TOUGH talking Jeremy Paxman felt right at home digging the dirt during a visit to Bovington’s Tank Museum.

The BBC Newsnight presenter and University Chall-enge host volunteered to ‘break the earth’ on the museum’s latest project – a huge 40,000sq ft conservation centre.

This state-of-the-art building, part of an ongoing £5million museum upgrade, will be capable of housing 120 historic fighting vehicles when completed next autumn.

Mr Paxman, who has left many politicians squirming over the years, was at the museum filming a documentary on the First World War when he agreed to help out.
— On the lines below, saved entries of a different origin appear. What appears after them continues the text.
lemma flip_in_coin_matrices:
  "j < m \<Longrightarrow> i < n \<Longrightarrow> R \<in> coin_matrices m n \<Longrightarrow> flip j i R \<in> coin_matrices m n"
  by (auto simp: coin_matrices_def flip_apply)

lemma card_halved_by_involution:
  assumes "finite M" "\<And>R. R \<in> M \<Longrightarrow> f R \<in> M" "\<And>R. R \<in> M \<Longrightarrow> f (f R) = R"
    and "\<And>R. R \<in> M \<Longrightarrow> P (f R) \<longleftrightarrow> \<not> P R"
  shows "2 * card {R \<in> M. P R} = card M"
proof -
  have "bij_betw f {R \<in> M. P R} {R \<in> M. \<not> P R}"
    by (rule bij_betwI[where g = f]) (use assms in auto)
  then have "card {R \<in> M. P R} = card {R \<in> M. \<not> P R}"
    by (rule bij_betw_same_card)
  moreover have "card M = card {R \<in> M. P R} + card {R \<in> M. \<not> P R}"
    using assms(1) by (subst card_Un_disjoint[symmetric]) (auto intro: arg_cong[where f = card])
  ultimately show ?thesis
    by simp
qed

lemma card_coins_agree:
  assumes "finite M" "\<And>R. R \<in> M \<Longrightarrow> flip j l R \<in> M" "k \<noteq> l"
  shows "2 * card {R \<in> M. R j k = R j l} = card M"
  by (rule card_halved_by_involution[where f = "flip j l"]) (use assms in \<open>auto simp: flip_apply\<close>)

section \<open>Amplification by two interleaved runs\<close>

text \<open>A state of \<open>pair_paca C\<close> is either an input symbol \<open>s\<close>, read as the pair \<open>(s, s)\<close> in
  phase 0, or a code of a pair of \<open>C\<close>-states with a phase bit; codes lie above all states of
  \<open>C\<close>, so they never clash with input symbols. All cells share the phase, so the two components run
  independent copies of \<open>C\<close> on the even and on the odd coin rows.\<close>

definition code_offset :: "paca \<Rightarrow> nat" where
  "code_offset C = Suc (Max (insert 0 (states C)))"

definition encode_pair :: "paca \<Rightarrow> nat \<Rightarrow> nat \<Rightarrow> nat \<Rightarrow> nat" where
  "encode_pair C a b ph = code_offset C + 2 * prod_encode (a, b) + ph"

definition dec_fst :: "paca \<Rightarrow> nat \<Rightarrow> nat" where
  "dec_fst C s = (if s \<in> inp C then s else fst (prod_decode ((s - code_offset C) div 2)))"

definition dec_snd :: "paca \<Rightarrow> nat \<Rightarrow> nat" where
  "dec_snd C s = (if s \<in> inp C then s else snd (prod_decode ((s - code_offset C) div 2)))"

definition dec_phase :: "paca \<Rightarrow> nat \<Rightarrow> nat" where
  "dec_phase C s = (if s \<in> inp C then 0 else (s - code_offset C) mod 2)"

definition pair_step :: "paca \<Rightarrow> bool \<Rightarrow> nat option \<Rightarrow> nat \<Rightarrow> nat option \<Rightarrow> nat" where
  "pair_step C c l s r =
     (if dec_phase C s = 0
      then encode_pair C (delta C c (map_option (dec_fst C) l) (dec_fst C s) (map_option (dec_fst C) r))
             (dec_snd C s) 1
      else encode_pair C (dec_fst C s)
             (delta C c (map_option (dec_snd C) l) (dec_snd C s) (map_option (dec_snd C) r)) 0)"

definition pair_states :: "paca \<Rightarrow> nat set" where
  "pair_states C = inp C \<union> (\<lambda>(a, b, ph). encode_pair C a b ph) ` (states C \<times> states C \<times> {0, 1})"

definition pair_paca :: "paca \<Rightarrow> paca" where
  "pair_paca C =
     \<lparr>states = pair_states C, inp = inp C,
      acc = {s \<in> pair_states C. if dec_phase C s = 0 then dec_fst C s \<in> acc C else dec_snd C s \<in> acc C},
      delta0 = pair_step C False, delta1 = pair_step C True\<rparr>"
(* Let $0<q<1$ and let $s_1,\dots,s_m$ be positive integers with $s_1>1$. Put $y_k:=\prod_{j=1}^k q^{1-s_j}$ for $1\le k\le m$. Then \[ \zeta[s_1,\dots,s_m] = \int \prod_{k=1}^m\bigg(\prod_{r=1}^{s_k-1}\frac{d_qt_r^{(k)}}{t_r^{(k)}}\bigg)\frac{d_qt_{s_k}^{(k)}}{y_k-t_{s_k}^{(k)}}, \] the iterated Jackson $q$-integral over the simplex $1>t_1^{(1)}>\cdots>t_{s_1}^{(1)}>\cdots>t_1^{(m)}>\cdots>t_{s_m}^{(m)}>0$.
   Context: Fix $0<q<1$ and $[x]_q := (1-q^x)/(1-q)$. For positive integers $s_1,\dots,s_m$ with $s_1>1$, $\zeta[s_1,\dots,s_m] := \sum_{k_1>\cdots>k_m>0}\prod_{j=1}^m q^{(s_j-1)k_j}/[k_j]_q^{s_j}$ (sum over positive integers). The Jackson $q$-integral is $\int_0^a g(t)\,d_qt := (1-q)a\sum_{j=0}^\infty q^j g(q^ja)$ for $a>0$. The integral over a simplex $a>u_1>u_2>\cdots>u_N>0$ of $g_1(u_1)d_qu_1\cdots g_N(u_N)d_qu_N$ means the iterated integral $\int_0^a g_1(u_1)\int_0^{u_1}g_2(u_2)\cdots\int_0^{u_{N-1}}g_N(u_N)\,d_qu_N\cdots d_qu_1$, with the variables $t_1^{(1)},\dots,t_{s_m}^{(m)}$ ordered as listed and $a=1$. *)

theory Defs
  imports "HOL-Analysis.Analysis"
begin

definition qint :: "real \<Rightarrow> nat \<Rightarrow> real" where
  "qint q x = (1 - q ^ x) / (1 - q)"

definition qzeta :: "real \<Rightarrow> nat list \<Rightarrow> real" where
  "qzeta q s = (\<Sum>\<^sub>\<infinity> ks \<in> {ks. length ks = length s \<and> sorted_wrt (>) ks \<and> (\<forall>k\<in>set ks. 0 < k)}.
      (\<Prod>j<length s. q ^ ((s ! j - 1) * ks ! j) / (qint q (ks ! j)) ^ (s ! j)))"

definition jackson :: "real \<Rightarrow> real \<Rightarrow> (real \<Rightarrow> real) \<Rightarrow> real" where
  "jackson q a g = (1 - q) * a * (\<Sum>j. q ^ j * g (q ^ j * a))"

fun iter_jackson :: "real \<Rightarrow> real \<Rightarrow> (real \<Rightarrow> real) list \<Rightarrow> real" where
  "iter_jackson q a [] = 1"
| "iter_jackson q a (g # gs) = jackson q a (\<lambda>u. g u * iter_jackson q u gs)"

end

theory Submission
  imports Defs
begin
Museum spokesman Nik Wyness said: “The presenter, renowned for calling a spade a spade, volunteered to ‘break the earth’ on The Tank Museum’s latest building project.”

Earlier this year the museum received £2.5m of National Lottery cash.

Museum director Richard Smith described the donation as a “pivotal moment in the history of The Tank Museum”.

“With more space we will be able to put our plans for a rolling programme of new exhibitions into action,” he said. “We will also have the facilities to enable ongoing volunteer-led conservation projects and allow us to re-launch our award-winning engineering training programme for groups of young offenders.”

The Tank Museum will have to raise a further £2.5m to match fund the Heritage Lottery Fund’s contribution. Building work has now started on the Vehicle Conservation Centre.